__Dataset records__:

+ + + +

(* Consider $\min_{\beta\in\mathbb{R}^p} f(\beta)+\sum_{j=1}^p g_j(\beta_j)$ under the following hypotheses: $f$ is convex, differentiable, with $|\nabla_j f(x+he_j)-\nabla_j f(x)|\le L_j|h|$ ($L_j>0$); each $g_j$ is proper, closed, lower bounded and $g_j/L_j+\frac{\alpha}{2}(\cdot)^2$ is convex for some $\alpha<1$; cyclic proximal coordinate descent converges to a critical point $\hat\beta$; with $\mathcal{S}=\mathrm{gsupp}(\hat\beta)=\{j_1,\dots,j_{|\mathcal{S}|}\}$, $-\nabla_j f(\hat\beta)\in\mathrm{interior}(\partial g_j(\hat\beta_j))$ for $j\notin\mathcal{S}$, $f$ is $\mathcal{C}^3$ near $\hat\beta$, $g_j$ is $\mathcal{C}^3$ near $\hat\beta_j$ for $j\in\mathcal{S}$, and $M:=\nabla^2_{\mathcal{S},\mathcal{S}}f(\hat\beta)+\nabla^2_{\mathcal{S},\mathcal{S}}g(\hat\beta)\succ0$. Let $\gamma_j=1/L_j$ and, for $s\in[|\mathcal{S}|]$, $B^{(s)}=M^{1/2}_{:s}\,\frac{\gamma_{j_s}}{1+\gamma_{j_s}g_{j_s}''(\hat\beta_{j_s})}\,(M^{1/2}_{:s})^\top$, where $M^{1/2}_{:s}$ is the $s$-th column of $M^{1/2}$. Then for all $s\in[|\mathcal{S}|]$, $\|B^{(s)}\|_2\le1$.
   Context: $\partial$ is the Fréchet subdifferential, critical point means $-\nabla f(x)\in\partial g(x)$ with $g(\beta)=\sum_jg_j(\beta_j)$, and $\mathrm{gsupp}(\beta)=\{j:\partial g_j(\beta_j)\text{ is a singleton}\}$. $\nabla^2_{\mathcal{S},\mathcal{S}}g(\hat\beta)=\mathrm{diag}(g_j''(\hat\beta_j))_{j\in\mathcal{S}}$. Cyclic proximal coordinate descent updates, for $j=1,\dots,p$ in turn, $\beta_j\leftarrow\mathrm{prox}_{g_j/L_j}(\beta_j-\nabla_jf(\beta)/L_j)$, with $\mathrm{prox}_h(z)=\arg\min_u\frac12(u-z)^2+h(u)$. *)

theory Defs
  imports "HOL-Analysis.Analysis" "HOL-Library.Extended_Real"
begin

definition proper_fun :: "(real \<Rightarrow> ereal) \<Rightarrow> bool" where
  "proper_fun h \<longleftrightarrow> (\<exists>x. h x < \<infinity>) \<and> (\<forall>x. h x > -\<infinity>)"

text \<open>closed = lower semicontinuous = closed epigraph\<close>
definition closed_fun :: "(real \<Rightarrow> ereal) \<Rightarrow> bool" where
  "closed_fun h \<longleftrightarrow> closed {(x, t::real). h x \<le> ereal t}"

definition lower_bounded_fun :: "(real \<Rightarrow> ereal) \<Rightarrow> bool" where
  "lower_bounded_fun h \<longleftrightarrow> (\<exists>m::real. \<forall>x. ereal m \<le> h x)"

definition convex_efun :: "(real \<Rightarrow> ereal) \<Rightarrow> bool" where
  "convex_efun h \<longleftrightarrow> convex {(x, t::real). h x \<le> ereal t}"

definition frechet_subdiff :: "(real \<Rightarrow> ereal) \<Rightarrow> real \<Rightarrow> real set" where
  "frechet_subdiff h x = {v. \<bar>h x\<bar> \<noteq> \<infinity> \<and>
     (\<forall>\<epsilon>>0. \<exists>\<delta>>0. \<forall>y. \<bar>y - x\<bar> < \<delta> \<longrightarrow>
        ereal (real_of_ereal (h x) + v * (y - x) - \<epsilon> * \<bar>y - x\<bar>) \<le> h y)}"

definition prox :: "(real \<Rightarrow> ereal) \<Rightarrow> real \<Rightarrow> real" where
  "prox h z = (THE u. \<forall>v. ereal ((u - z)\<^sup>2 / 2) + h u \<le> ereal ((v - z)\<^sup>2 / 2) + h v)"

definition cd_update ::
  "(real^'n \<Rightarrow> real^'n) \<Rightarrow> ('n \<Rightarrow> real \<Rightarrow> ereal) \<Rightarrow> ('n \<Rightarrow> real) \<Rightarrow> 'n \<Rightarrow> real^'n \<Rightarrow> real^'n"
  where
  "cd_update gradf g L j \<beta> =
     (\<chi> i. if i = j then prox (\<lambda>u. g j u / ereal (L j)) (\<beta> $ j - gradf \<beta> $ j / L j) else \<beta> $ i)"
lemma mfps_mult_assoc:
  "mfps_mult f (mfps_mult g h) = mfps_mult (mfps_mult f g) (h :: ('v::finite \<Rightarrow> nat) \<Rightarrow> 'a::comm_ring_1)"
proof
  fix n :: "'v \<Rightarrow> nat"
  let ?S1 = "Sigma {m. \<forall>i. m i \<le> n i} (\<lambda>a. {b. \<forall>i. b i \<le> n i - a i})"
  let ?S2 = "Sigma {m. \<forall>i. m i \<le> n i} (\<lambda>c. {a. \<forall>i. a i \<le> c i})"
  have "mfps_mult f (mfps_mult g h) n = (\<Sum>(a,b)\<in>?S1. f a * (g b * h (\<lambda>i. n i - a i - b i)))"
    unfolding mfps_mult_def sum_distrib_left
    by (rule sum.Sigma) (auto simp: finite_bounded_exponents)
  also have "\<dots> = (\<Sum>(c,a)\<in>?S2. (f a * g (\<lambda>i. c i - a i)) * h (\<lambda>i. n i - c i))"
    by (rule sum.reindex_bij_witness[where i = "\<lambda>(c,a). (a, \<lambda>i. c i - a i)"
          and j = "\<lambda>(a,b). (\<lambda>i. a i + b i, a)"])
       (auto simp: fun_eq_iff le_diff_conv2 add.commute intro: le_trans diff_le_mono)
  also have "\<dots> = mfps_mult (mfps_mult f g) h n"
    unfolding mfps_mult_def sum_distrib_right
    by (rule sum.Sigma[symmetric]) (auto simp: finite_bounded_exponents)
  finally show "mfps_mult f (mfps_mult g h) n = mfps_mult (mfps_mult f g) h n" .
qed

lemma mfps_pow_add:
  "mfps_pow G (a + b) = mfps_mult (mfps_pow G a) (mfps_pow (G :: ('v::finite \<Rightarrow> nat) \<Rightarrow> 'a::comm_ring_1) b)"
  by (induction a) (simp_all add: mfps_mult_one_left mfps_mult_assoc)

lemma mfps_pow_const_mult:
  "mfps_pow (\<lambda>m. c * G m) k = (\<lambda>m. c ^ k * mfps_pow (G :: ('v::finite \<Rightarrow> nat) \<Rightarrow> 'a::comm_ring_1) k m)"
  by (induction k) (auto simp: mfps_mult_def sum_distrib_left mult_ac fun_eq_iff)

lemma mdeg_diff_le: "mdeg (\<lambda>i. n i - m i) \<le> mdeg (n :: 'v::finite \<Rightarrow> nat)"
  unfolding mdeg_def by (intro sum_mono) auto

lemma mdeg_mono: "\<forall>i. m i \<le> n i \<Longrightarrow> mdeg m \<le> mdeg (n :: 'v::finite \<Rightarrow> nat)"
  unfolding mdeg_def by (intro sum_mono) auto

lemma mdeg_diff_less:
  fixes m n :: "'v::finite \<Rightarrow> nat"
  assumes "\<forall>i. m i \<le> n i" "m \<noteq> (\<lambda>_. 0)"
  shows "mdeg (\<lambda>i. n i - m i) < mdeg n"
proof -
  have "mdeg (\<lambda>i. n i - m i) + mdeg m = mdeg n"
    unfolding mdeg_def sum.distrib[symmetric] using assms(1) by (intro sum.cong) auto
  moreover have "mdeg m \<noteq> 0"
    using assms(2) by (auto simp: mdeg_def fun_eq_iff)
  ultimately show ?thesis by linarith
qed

+ + + +

__Directions for this task__:
Your task is to restate, word for word, only those lines above that fall between the line holding "(THE u. \<forall>v." and the line holding "L j \<beta>", inclusive.

__Output__:
  "prox h z = (THE u. \<forall>v. ereal ((u - z)\<^sup>2 / 2) + h u \<le> ereal ((v - z)\<^sup>2 / 2) + h v)"

definition cd_update ::
  "(real^'n \<Rightarrow> real^'n) \<Rightarrow> ('n \<Rightarrow> real \<Rightarrow> ereal) \<Rightarrow> ('n \<Rightarrow> real) \<Rightarrow> 'n \<Rightarrow> real^'n \<Rightarrow> real^'n"
  where
  "cd_update gradf g L j \<beta> =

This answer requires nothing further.